## [Task brief]
Copy out all the lines of the data that hold the word "lemma".

## [Provided data]

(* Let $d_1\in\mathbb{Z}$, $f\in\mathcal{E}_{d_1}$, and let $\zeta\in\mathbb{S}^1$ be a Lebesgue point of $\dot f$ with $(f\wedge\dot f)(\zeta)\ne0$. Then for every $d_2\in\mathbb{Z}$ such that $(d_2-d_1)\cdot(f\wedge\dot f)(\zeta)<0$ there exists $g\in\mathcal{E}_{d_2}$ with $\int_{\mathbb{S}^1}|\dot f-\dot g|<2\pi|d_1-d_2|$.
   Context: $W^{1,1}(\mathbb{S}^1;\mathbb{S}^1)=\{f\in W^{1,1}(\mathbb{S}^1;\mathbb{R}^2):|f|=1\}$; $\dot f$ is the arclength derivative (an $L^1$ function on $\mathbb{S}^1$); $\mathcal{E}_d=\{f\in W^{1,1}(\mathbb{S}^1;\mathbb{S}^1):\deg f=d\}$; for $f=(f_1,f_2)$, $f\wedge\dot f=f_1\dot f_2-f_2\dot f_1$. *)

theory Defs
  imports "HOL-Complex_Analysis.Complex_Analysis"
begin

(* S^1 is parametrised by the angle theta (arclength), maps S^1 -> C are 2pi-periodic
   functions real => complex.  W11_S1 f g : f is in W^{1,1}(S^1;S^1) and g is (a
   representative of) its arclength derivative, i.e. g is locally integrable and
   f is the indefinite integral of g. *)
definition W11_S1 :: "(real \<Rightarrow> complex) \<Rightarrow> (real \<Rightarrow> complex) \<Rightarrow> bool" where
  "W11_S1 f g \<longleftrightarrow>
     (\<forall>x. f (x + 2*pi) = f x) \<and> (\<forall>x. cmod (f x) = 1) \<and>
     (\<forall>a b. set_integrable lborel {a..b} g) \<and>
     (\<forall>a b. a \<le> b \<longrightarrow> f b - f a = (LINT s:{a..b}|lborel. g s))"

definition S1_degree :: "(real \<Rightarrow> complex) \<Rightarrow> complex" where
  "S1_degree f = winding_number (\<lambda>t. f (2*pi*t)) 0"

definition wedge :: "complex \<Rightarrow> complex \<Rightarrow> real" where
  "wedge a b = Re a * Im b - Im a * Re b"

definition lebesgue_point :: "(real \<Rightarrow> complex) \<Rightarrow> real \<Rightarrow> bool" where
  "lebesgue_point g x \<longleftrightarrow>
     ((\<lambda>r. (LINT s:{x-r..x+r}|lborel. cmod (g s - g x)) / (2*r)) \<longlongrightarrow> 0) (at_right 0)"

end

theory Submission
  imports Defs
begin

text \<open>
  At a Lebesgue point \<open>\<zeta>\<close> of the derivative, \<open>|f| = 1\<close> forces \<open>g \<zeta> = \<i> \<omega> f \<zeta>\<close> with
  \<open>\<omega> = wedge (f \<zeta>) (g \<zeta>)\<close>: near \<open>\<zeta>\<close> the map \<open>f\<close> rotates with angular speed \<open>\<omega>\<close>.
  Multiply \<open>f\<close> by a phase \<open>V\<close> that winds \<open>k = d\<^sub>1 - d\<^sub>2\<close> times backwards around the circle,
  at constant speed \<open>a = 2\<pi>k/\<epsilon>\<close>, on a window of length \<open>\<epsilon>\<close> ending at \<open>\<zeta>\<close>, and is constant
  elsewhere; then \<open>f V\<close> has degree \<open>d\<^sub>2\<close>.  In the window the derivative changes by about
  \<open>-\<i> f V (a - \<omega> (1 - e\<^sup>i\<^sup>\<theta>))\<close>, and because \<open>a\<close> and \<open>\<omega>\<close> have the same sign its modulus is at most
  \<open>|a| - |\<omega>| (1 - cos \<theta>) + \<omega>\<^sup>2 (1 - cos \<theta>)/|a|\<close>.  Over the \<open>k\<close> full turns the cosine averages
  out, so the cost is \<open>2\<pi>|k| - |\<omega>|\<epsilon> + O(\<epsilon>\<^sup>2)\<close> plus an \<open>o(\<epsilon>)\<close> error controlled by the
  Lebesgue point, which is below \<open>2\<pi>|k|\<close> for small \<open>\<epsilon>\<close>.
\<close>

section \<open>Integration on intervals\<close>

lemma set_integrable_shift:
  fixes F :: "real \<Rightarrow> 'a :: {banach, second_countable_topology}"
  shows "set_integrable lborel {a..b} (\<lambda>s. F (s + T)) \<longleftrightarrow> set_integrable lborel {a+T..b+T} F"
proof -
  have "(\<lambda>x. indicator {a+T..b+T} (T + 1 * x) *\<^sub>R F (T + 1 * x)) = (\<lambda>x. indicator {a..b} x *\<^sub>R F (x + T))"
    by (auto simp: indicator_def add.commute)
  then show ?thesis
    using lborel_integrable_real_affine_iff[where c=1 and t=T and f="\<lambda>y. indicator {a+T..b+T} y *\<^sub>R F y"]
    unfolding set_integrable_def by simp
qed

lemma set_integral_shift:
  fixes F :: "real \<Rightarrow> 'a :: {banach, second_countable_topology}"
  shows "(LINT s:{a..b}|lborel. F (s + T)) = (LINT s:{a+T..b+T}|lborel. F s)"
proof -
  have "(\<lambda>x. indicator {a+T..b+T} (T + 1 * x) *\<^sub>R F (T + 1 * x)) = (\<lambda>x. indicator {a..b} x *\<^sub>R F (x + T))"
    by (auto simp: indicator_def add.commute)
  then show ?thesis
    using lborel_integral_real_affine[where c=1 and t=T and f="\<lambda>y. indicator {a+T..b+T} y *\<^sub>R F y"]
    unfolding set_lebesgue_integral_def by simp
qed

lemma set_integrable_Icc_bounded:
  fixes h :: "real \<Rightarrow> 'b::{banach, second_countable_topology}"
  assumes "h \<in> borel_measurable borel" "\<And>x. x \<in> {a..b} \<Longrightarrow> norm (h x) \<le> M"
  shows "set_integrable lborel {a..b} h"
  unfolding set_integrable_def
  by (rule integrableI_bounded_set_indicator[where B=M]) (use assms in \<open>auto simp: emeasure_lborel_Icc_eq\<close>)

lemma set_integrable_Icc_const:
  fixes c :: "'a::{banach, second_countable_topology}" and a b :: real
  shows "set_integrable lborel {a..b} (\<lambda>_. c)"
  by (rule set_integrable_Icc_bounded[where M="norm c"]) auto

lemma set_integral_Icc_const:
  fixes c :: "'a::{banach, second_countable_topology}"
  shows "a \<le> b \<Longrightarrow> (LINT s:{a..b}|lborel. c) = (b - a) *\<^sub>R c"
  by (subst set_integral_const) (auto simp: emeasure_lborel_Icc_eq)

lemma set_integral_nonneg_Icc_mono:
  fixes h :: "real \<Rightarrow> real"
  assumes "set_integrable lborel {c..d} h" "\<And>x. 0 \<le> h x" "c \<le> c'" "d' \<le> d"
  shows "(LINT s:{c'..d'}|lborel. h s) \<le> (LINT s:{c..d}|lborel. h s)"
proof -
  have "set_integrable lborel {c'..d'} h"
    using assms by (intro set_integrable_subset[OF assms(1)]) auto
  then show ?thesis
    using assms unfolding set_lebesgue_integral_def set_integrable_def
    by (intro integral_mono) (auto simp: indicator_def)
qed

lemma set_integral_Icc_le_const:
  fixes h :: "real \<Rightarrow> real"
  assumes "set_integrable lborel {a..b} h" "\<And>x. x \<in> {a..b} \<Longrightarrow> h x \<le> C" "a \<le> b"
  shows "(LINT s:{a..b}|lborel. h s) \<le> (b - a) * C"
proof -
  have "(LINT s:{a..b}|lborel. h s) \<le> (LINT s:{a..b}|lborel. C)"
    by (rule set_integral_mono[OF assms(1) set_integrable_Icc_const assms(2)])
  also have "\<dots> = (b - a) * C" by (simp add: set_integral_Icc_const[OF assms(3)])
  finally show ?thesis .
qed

...

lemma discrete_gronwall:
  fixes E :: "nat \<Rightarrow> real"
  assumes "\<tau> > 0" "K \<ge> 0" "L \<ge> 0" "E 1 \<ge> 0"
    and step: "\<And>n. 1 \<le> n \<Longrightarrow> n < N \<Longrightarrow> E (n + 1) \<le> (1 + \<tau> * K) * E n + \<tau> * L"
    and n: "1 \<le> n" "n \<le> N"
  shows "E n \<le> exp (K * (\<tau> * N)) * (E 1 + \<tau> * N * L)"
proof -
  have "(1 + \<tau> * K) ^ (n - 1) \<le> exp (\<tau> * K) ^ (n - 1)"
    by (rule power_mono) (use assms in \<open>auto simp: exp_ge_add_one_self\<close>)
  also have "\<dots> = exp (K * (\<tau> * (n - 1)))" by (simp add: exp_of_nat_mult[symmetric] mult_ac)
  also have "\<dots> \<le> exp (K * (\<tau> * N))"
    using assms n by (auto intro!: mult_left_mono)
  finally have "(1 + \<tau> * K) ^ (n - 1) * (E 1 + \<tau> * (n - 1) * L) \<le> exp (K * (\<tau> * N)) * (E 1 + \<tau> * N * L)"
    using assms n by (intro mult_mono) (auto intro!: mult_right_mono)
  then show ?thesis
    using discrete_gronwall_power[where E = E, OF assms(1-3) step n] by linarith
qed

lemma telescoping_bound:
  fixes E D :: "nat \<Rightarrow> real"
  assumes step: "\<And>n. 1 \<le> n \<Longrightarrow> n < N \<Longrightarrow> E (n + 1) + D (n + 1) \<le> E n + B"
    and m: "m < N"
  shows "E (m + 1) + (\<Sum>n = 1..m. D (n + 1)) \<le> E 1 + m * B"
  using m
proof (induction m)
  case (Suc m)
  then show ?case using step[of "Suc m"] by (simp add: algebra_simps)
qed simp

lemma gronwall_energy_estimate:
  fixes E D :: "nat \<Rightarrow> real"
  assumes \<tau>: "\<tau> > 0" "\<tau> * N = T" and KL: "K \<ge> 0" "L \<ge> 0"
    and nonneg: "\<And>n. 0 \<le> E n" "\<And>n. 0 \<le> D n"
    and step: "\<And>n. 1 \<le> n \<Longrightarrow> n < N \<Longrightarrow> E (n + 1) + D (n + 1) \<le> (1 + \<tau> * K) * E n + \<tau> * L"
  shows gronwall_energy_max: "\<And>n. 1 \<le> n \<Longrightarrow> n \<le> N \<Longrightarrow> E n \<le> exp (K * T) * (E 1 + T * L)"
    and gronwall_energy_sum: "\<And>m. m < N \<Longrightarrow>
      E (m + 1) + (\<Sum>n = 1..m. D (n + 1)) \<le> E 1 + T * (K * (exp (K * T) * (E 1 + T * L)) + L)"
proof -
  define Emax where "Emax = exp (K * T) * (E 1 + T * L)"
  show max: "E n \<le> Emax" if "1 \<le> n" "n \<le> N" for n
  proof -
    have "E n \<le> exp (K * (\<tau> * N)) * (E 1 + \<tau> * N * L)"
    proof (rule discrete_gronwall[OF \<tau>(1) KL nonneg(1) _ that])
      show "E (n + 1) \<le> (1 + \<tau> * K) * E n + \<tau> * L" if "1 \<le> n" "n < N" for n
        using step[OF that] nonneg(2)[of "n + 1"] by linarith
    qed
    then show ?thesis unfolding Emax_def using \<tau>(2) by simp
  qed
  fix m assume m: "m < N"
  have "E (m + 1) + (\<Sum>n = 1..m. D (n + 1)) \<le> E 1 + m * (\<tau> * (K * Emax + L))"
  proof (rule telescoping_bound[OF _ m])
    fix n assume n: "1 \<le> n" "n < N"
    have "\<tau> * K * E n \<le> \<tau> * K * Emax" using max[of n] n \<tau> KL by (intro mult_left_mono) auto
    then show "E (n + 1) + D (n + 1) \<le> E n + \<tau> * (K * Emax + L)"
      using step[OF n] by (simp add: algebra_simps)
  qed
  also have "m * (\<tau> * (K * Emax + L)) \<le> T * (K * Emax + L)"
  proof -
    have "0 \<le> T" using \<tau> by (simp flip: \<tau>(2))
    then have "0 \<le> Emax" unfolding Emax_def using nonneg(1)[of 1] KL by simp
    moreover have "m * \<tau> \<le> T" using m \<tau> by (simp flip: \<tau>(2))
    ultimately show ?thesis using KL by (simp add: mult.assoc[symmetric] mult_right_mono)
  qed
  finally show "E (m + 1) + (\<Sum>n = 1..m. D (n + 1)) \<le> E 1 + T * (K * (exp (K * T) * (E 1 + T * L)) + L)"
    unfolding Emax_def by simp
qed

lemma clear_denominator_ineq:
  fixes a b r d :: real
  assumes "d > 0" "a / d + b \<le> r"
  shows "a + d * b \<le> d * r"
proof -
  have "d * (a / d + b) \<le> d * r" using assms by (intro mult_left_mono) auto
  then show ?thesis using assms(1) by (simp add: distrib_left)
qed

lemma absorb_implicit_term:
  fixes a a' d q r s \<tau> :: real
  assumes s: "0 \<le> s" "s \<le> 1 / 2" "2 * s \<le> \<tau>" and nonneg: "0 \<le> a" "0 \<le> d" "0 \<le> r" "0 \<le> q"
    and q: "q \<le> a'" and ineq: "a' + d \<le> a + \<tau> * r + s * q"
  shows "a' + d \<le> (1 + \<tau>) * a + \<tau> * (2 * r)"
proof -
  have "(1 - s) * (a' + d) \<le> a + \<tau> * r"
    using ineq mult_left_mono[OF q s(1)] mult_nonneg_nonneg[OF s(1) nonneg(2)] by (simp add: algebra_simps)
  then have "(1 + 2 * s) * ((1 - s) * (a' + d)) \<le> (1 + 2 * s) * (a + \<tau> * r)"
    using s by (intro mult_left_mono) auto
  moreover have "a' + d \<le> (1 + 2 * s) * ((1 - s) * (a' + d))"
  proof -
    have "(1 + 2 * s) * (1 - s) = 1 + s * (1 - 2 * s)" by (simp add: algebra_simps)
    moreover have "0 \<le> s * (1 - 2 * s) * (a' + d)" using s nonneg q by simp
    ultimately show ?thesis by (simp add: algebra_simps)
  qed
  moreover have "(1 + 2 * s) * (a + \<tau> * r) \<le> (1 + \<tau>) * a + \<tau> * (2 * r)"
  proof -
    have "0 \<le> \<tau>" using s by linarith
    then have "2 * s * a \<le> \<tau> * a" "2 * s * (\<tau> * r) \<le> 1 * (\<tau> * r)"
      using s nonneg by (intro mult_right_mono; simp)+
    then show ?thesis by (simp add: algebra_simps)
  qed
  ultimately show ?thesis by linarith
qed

## [Answer for the task]
lemma set_integrable_shift:
lemma set_integral_shift:
lemma set_integrable_Icc_bounded:
lemma set_integrable_Icc_const:
lemma set_integral_Icc_const:
lemma set_integral_nonneg_Icc_mono:
lemma set_integral_Icc_le_const:
lemma discrete_gronwall:
lemma telescoping_bound:
lemma gronwall_energy_estimate:
lemma clear_denominator_ineq:
lemma absorb_implicit_term:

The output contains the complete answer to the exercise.